### INFORMATION PROVIDED:
lemma execution_exists:
  fixes E :: "('v::finite \<times> 'v) set"
  obtains x v where "x 0 = x_init" "v 0 = v_init" "execution E a f \<alpha> T M x v"
    "\<forall>k. \<forall>i\<in>M. x (Suc k) i = x k i + T * v k i \<and> v (Suc k) i = v k i"
proof -
  define R where "R xk i = (SOME R. dpmsr_ignored E f xk i R)" for xk i
  define u where "u xk vk i = (if i \<in> M then 0
    else - (\<Sum>j \<in> in_nbrs E i - R xk i. a i j * (xk i - xk j)) - \<alpha> * vk i)" for xk vk i
  define step where "step p = (\<lambda>i. fst p i + T * snd p i + T\<^sup>2 / 2 * u (fst p) (snd p) i,
    \<lambda>i. snd p i + T * u (fst p) (snd p) i)" for p :: "('v \<Rightarrow> real) \<times> ('v \<Rightarrow> real)"
  define st where "st k = (step ^^ k) (x_init, v_init)" for k
  have R: "dpmsr_ignored E f xk i (R xk i)" for xk i
    unfolding R_def using dpmsr_ignored_exists by (rule someI_ex)
  define x where "x k = fst (st k)" for k
  define v where "v k = snd (st k)" for k
  have x: "x (Suc k) i = x k i + T * v k i + T\<^sup>2 / 2 * u (x k) (v k) i"
    and v: "v (Suc k) i = v k i + T * u (x k) (v k) i" for k i
    unfolding x_def v_def st_def step_def by simp_all
  have "x (Suc k) i = x k i + T * v k i + T\<^sup>2 / 2 * u (x k) (v k) i \<and>
      v (Suc k) i = v k i + T * u (x k) (v k) i \<and>
      (i \<notin> M \<longrightarrow> (\<exists>R. dpmsr_ignored E f (x k) i R \<and>
        u (x k) (v k) i = - (\<Sum>j \<in> in_nbrs E i - R. a i j * (x k i - x k j)) - \<alpha> * v k i))" for k i
    using x v R[of "x k" i] unfolding u_def by auto
  then have "execution E a f \<alpha> T M x v" unfolding execution_def by blast
  moreover have "x 0 = x_init" "v 0 = v_init" unfolding x_def v_def st_def by simp_all
  moreover have "\<forall>k. \<forall>i\<in>M. x (Suc k) i = x k i + T * v k i \<and> v (Suc k) i = v k i"
    using x v unfolding u_def by simp
  ultimately show ?thesis using that by blast
qed

text \<open>A value differing from c can only come from one of the at most f in-neighbours outside S,
  so DP-MSR discards it.\<close>
lemma execution_freezes_group:
  fixes E :: "('v::finite \<times> 'v) set"
  assumes ex: "execution E a f \<alpha> T M x v"
    and malicious_idle: "\<forall>k. \<forall>i\<in>M. x (Suc k) i = x k i + T * v k i \<and> v (Suc k) i = v k i"
    and few: "\<forall>j\<in>S - M. card {l. (l, j) \<in> E \<and> l \<notin> S} \<le> f"
    and init: "\<forall>j\<in>S. x 0 j = c \<and> v 0 j = 0"
  shows "\<forall>j\<in>S. x k j = c \<and> v k j = 0"
proof (induction k)
  case 0
  then show ?case using init by simp
next
  case (Suc k)
  show ?case
  proof
    fix j
    assume j: "j \<in> S"
    show "x (Suc k) j = c \<and> v (Suc k) j = 0"
    proof (cases "j \<in> M")
      case True
      then show ?thesis using malicious_idle Suc.IH j by simp
    next
      case False
      obtain u R where step: "x (Suc k) j = x k j + T * v k j + T\<^sup>2 / 2 * u" "v (Suc k) j = v k j + T * u"
        and R: "dpmsr_ignored E f (x k) j R"
        and u: "u = - (\<Sum>l \<in> in_nbrs E j - R. a j l * (x k j - x k l)) - \<alpha> * v k j"
        using ex False unfolding execution_def by blast
      obtain A B where L: "ignored_large (in_nbrs E j) (\<lambda>l. x k l - x k j) f A"
        and Sm: "ignored_small (in_nbrs E j) (\<lambda>l. x k l - x k j) f B" and "R = A \<union> B"
        using R unfolding dpmsr_ignored_def by blast
      have "{l \<in> in_nbrs E j. x k l - x k j \<noteq> 0} \<subseteq> {l. (l, j) \<in> E \<and> l \<notin> S}"
        using Suc.IH j unfolding in_nbrs_def by auto
      then have "card {l \<in> in_nbrs E j. x k l - x k j \<noteq> 0} \<le> card {l. (l, j) \<in> E \<and> l \<notin> S}"
        by (rule card_mono[OF finite])
      moreover have "card {l. (l, j) \<in> E \<and> l \<notin> S} \<le> f" using few j False by blast
      ultimately have few_nonzero: "card {l \<in> in_nbrs E j. x k l - x k j \<noteq> 0} \<le> f" by linarith
      have "x k l - x k j = 0" if "l \<in> in_nbrs E j - R" for l
        using that \<open>R = A \<union> B\<close> by (intro kept_value_zero[OF finite L Sm few_nonzero]) blast
      then have "u = 0" using u Suc.IH j by simp
      then show ?thesis using step Suc.IH j by simp
    qed
  qed
qed

section \<open>Sufficiency\<close>

lemma decseq_tendsto_zero_if_contracts:
  fixes D :: "nat \<Rightarrow> real"
  assumes dec: "decseq D" and nonneg: "\<And>k. 0 \<le> D k"
    and \<delta>: "0 < \<delta>" "\<delta> \<le> 1" and contr: "\<And>k. D (k + N) \<le> (1 - \<delta>) * D k"
  shows "D \<longlonglongrightarrow> 0"
proof (rule LIMSEQ_I)
  fix r :: real
  assume r: "0 < r"
  have "D (m * N) \<le> (1 - \<delta>) ^ m * D 0" for m
  proof (induction m)
    case (Suc m)
    have "D (Suc m * N) \<le> (1 - \<delta>) * D (m * N)" using contr[of "m * N"] by (simp add: add.commute)
    also have "\<dots> \<le> (1 - \<delta>) * ((1 - \<delta>) ^ m * D 0)" using Suc.IH \<delta> by (intro mult_left_mono) auto
    finally show ?case by simp
  qed simp
  moreover have "(\<lambda>m. (1 - \<delta>) ^ m * D 0) \<longlonglongrightarrow> 0"
    using \<delta> by (intro tendsto_mult_left_zero LIMSEQ_realpow_zero) auto
  then obtain m where "norm ((1 - \<delta>) ^ m * D 0 - 0) < r"
    using LIMSEQ_D[OF _ r] by blast
  then have "(1 - \<delta>) ^ m * D 0 < r" by simp
  ultimately have "D n < r" if "m * N \<le> n" for n
    using dec that unfolding decseq_def by (meson order.trans order.strict_trans1)
  then show "\<exists>n0. \<forall>n\<ge>n0. norm (D n - 0) < r" using nonneg by auto
qed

### THE PROBLEM:
Copy out all of the records shown above exactly.

### RESPONSE:
lemma execution_exists:
  fixes E :: "('v::finite \<times> 'v) set"
  obtains x v where "x 0 = x_init" "v 0 = v_init" "execution E a f \<alpha> T M x v"
    "\<forall>k. \<forall>i\<in>M. x (Suc k) i = x k i + T * v k i \<and> v (Suc k) i = v k i"
proof -
  define R where "R xk i = (SOME R. dpmsr_ignored E f xk i R)" for xk i
  define u where "u xk vk i = (if i \<in> M then 0
    else - (\<Sum>j \<in> in_nbrs E i - R xk i. a i j * (xk i - xk j)) - \<alpha> * vk i)" for xk vk i
  define step where "step p = (\<lambda>i. fst p i + T * snd p i + T\<^sup>2 / 2 * u (fst p) (snd p) i,
    \<lambda>i. snd p i + T * u (fst p) (snd p) i)" for p :: "('v \<Rightarrow> real) \<times> ('v \<Rightarrow> real)"
  define st where "st k = (step ^^ k) (x_init, v_init)" for k
  have R: "dpmsr_ignored E f xk i (R xk i)" for xk i
    unfolding R_def using dpmsr_ignored_exists by (rule someI_ex)
  define x where "x k = fst (st k)" for k
  define v where "v k = snd (st k)" for k
  have x: "x (Suc k) i = x k i + T * v k i + T\<^sup>2 / 2 * u (x k) (v k) i"
    and v: "v (Suc k) i = v k i + T * u (x k) (v k) i" for k i
    unfolding x_def v_def st_def step_def by simp_all
  have "x (Suc k) i = x k i + T * v k i + T\<^sup>2 / 2 * u (x k) (v k) i \<and>
      v (Suc k) i = v k i + T * u (x k) (v k) i \<and>
      (i \<notin> M \<longrightarrow> (\<exists>R. dpmsr_ignored E f (x k) i R \<and>
        u (x k) (v k) i = - (\<Sum>j \<in> in_nbrs E i - R. a i j * (x k i - x k j)) - \<alpha> * v k i))" for k i
    using x v R[of "x k" i] unfolding u_def by auto
  then have "execution E a f \<alpha> T M x v" unfolding execution_def by blast
  moreover have "x 0 = x_init" "v 0 = v_init" unfolding x_def v_def st_def by simp_all
  moreover have "\<forall>k. \<forall>i\<in>M. x (Suc k) i = x k i + T * v k i \<and> v (Suc k) i = v k i"
    using x v unfolding u_def by simp
  ultimately show ?thesis using that by blast
qed

text \<open>A value differing from c can only come from one of the at most f in-neighbours outside S,
  so DP-MSR discards it.\<close>
lemma execution_freezes_group:
  fixes E :: "('v::finite \<times> 'v) set"
  assumes ex: "execution E a f \<alpha> T M x v"
    and malicious_idle: "\<forall>k. \<forall>i\<in>M. x (Suc k) i = x k i + T * v k i \<and> v (Suc k) i = v k i"
    and few: "\<forall>j\<in>S - M. card {l. (l, j) \<in> E \<and> l \<notin> S} \<le> f"
    and init: "\<forall>j\<in>S. x 0 j = c \<and> v 0 j = 0"
  shows "\<forall>j\<in>S. x k j = c \<and> v k j = 0"
proof (induction k)
  case 0
  then show ?case using init by simp
next
  case (Suc k)
  show ?case
  proof
    fix j
    assume j: "j \<in> S"
    show "x (Suc k) j = c \<and> v (Suc k) j = 0"
    proof (cases "j \<in> M")
      case True
      then show ?thesis using malicious_idle Suc.IH j by simp
    next
      case False
      obtain u R where step: "x (Suc k) j = x k j + T * v k j + T\<^sup>2 / 2 * u" "v (Suc k) j = v k j + T * u"
        and R: "dpmsr_ignored E f (x k) j R"
        and u: "u = - (\<Sum>l \<in> in_nbrs E j - R. a j l * (x k j - x k l)) - \<alpha> * v k j"
        using ex False unfolding execution_def by blast
      obtain A B where L: "ignored_large (in_nbrs E j) (\<lambda>l. x k l - x k j) f A"
        and Sm: "ignored_small (in_nbrs E j) (\<lambda>l. x k l - x k j) f B" and "R = A \<union> B"
        using R unfolding dpmsr_ignored_def by blast
      have "{l \<in> in_nbrs E j. x k l - x k j \<noteq> 0} \<subseteq> {l. (l, j) \<in> E \<and> l \<notin> S}"
        using Suc.IH j unfolding in_nbrs_def by auto
      then have "card {l \<in> in_nbrs E j. x k l - x k j \<noteq> 0} \<le> card {l. (l, j) \<in> E \<and> l \<notin> S}"
        by (rule card_mono[OF finite])
      moreover have "card {l. (l, j) \<in> E \<and> l \<notin> S} \<le> f" using few j False by blast
      ultimately have few_nonzero: "card {l \<in> in_nbrs E j. x k l - x k j \<noteq> 0} \<le> f" by linarith
      have "x k l - x k j = 0" if "l \<in> in_nbrs E j - R" for l
        using that \<open>R = A \<union> B\<close> by (intro kept_value_zero[OF finite L Sm few_nonzero]) blast
      then have "u = 0" using u Suc.IH j by simp
      then show ?thesis using step Suc.IH j by simp
    qed
  qed
qed

section \<open>Sufficiency\<close>

lemma decseq_tendsto_zero_if_contracts:
  fixes D :: "nat \<Rightarrow> real"
  assumes dec: "decseq D" and nonneg: "\<And>k. 0 \<le> D k"
    and \<delta>: "0 < \<delta>" "\<delta> \<le> 1" and contr: "\<And>k. D (k + N) \<le> (1 - \<delta>) * D k"
  shows "D \<longlonglongrightarrow> 0"
proof (rule LIMSEQ_I)
  fix r :: real
  assume r: "0 < r"
  have "D (m * N) \<le> (1 - \<delta>) ^ m * D 0" for m
  proof (induction m)
    case (Suc m)
    have "D (Suc m * N) \<le> (1 - \<delta>) * D (m * N)" using contr[of "m * N"] by (simp add: add.commute)
    also have "\<dots> \<le> (1 - \<delta>) * ((1 - \<delta>) ^ m * D 0)" using Suc.IH \<delta> by (intro mult_left_mono) auto
    finally show ?case by simp
  qed simp
  moreover have "(\<lambda>m. (1 - \<delta>) ^ m * D 0) \<longlonglongrightarrow> 0"
    using \<delta> by (intro tendsto_mult_left_zero LIMSEQ_realpow_zero) auto
  then obtain m where "norm ((1 - \<delta>) ^ m * D 0 - 0) < r"
    using LIMSEQ_D[OF _ r] by blast
  then have "(1 - \<delta>) ^ m * D 0 < r" by simp
  ultimately have "D n < r" if "m * N \<le> n" for n
    using dec that unfolding decseq_def by (meson order.trans order.strict_trans1)
  then show "\<exists>n0. \<forall>n\<ge>n0. norm (D n - 0) < r" using nonneg by auto
qed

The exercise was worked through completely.